Thanks Terrence,
I tried to force change. I made a formal complaint under the Aust 1992
Dis Dis Act stating that I had trouble using a mouse and wanted
keyboard access. The bloody dramas that caused! I complained about the
Centrelink site, but AGIMO stated that their site was near enough. The
Chief Information Officer at AGIMO last worked at Centrelink. I got
nowhere and in the end withdrew the complaint or it was going to be
struck out by Human Rights who accepted advice from the Aust government
department AGIMO that another government department Centrelink was W3C
close enough and would be updated anway, so go away.
If I were blind, I would have had a better cause for keyboard access. I
could not get any support from any organisations and Vision Australia
stated to me in a job interview that they preferred to work with their
clients, not beat them over the head.
I prefer the beat them over the head approach having seen the
alternative fail so badly, but I have run out of sticks, I update a
review of Aust government websites occasionally and try to embarrass
them into action. I think they hope none notices except a few of us,
certainly there is no organisational support for an action like Maguire
v Sydney Olympics, it will take one determined individual to try and
force change.
I'm fresh out of sticks and sick of flogging a dead horse.
http://www.hereticpress.com/Dogstar/Publishing/AustWeb.html
Tim
Melbourne
On 30/07/2006, at 11:06 PM, Mark Harris wrote:
Terrence Wood wrote:
> WAI level A is great because you can get there by accident
> (which makes me wonder why so many people just can't do it),
> but I really think e-gov needs to be achieving level 2 compliance.
>
Oh, I agree completely - I was just trying to set the bar low enough
that at least some would pass ;-)
> Do you have any ideas on how to force government entities to comply?
> Personal accountability for stakeholders perhaps?
Apart from holding a gun to their heads? [sigh] I spent most of the 5
years from 2000 to 2005 trying to find ways to encourage NZ govt
agencies to do this.
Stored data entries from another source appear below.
lemma internal_direct_sum_iff:
  assumes "0 \<in> A" "0 \<in> B"
    and "\<And>x y. x \<in> A \<Longrightarrow> y \<in> A \<Longrightarrow> x - y \<in> A"
    and "\<And>x y. x \<in> B \<Longrightarrow> y \<in> B \<Longrightarrow> x - y \<in> B"
  shows "internal_direct_sum A B \<longleftrightarrow> (\<forall>m. \<exists>a\<in>A. \<exists>b\<in>B. m = a + b) \<and> A \<inter> B = {0}"
proof
  assume ds: "internal_direct_sum A B"
  have "x = 0" if "x \<in> A" "x \<in> B" for x
  proof -
    have "\<exists>!ab. fst ab \<in> A \<and> snd ab \<in> B \<and> x = fst ab + snd ab"
      using ds unfolding internal_direct_sum_def by blast
    then have "\<exists>\<^sub>\<le>\<^sub>1ab. fst ab \<in> A \<and> snd ab \<in> B \<and> x = fst ab + snd ab"
      unfolding ex1_iff_ex_Uniq by (rule conjunct2)
    then have "(x, 0) = (0, x)"
      by (rule Uniq_D) (use that assms(1,2) in simp_all)
    then show "x = 0" by simp
  qed
  moreover have "\<exists>a\<in>A. \<exists>b\<in>B. m = a + b" for m
  proof -
    have "\<exists>ab. fst ab \<in> A \<and> snd ab \<in> B \<and> m = fst ab + snd ab"
      by (intro ex1_implies_ex) (rule ds[unfolded internal_direct_sum_def, rule_format])
    then show ?thesis by blast
  qed
  ultimately show "(\<forall>m. \<exists>a\<in>A. \<exists>b\<in>B. m = a + b) \<and> A \<inter> B = {0}"
    using assms(1,2) by blast
next
  assume decomp: "(\<forall>m. \<exists>a\<in>A. \<exists>b\<in>B. m = a + b) \<and> A \<inter> B = {0}"
  show "internal_direct_sum A B"
    unfolding internal_direct_sum_def
  proof
    fix m
    obtain a b where ab: "a \<in> A" "b \<in> B" "m = a + b"
      using decomp by blast
    show "\<exists>!ab. fst ab \<in> A \<and> snd ab \<in> B \<and> m = fst ab + snd ab"
    proof (rule ex1I[of _ "(a, b)"])
      fix ab' assume ab': "fst ab' \<in> A \<and> snd ab' \<in> B \<and> m = fst ab' + snd ab'"
      have "fst ab' - a = b - snd ab'"
        using ab ab' by (simp add: algebra_simps)
      moreover have "fst ab' - a \<in> A" and "b - snd ab' \<in> B"
        using ab ab' assms(3,4) by auto
      ultimately have "fst ab' - a \<in> A \<inter> B"
        by simp
      then have "fst ab' = a"
        using decomp by simp
      moreover then have "snd ab' = b"
        using ab ab' by simp
      ultimately show "ab' = (a, b)"
        by (simp add: prod_eq_iff)
    qed (use ab in simp)
  qed
qed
I got more traction with commercial web
developers than government agencies, sadly.
Which is not to say there aren't plenty of web people in the NZG who
believe in accessibility and the Guildelines, because there are. But
not their managers or senior managers, it appears.
I think we've got to go through the political reps and hold them
accountable, to get them to put pressure on their portfolio agencies,
but there always seems to be something with more priority.
> I think their advisors/suppliers (e-i-new media ltd and their ilk)
> should be held accountable as well - and that's easy to do, make it a
> term of the contract for services.
Yep, and many NZ govt agencies do put that in the contracts (which was
one of the things we promoted in the Guidelines) but keeping the site
compliant once it's built is a different matter.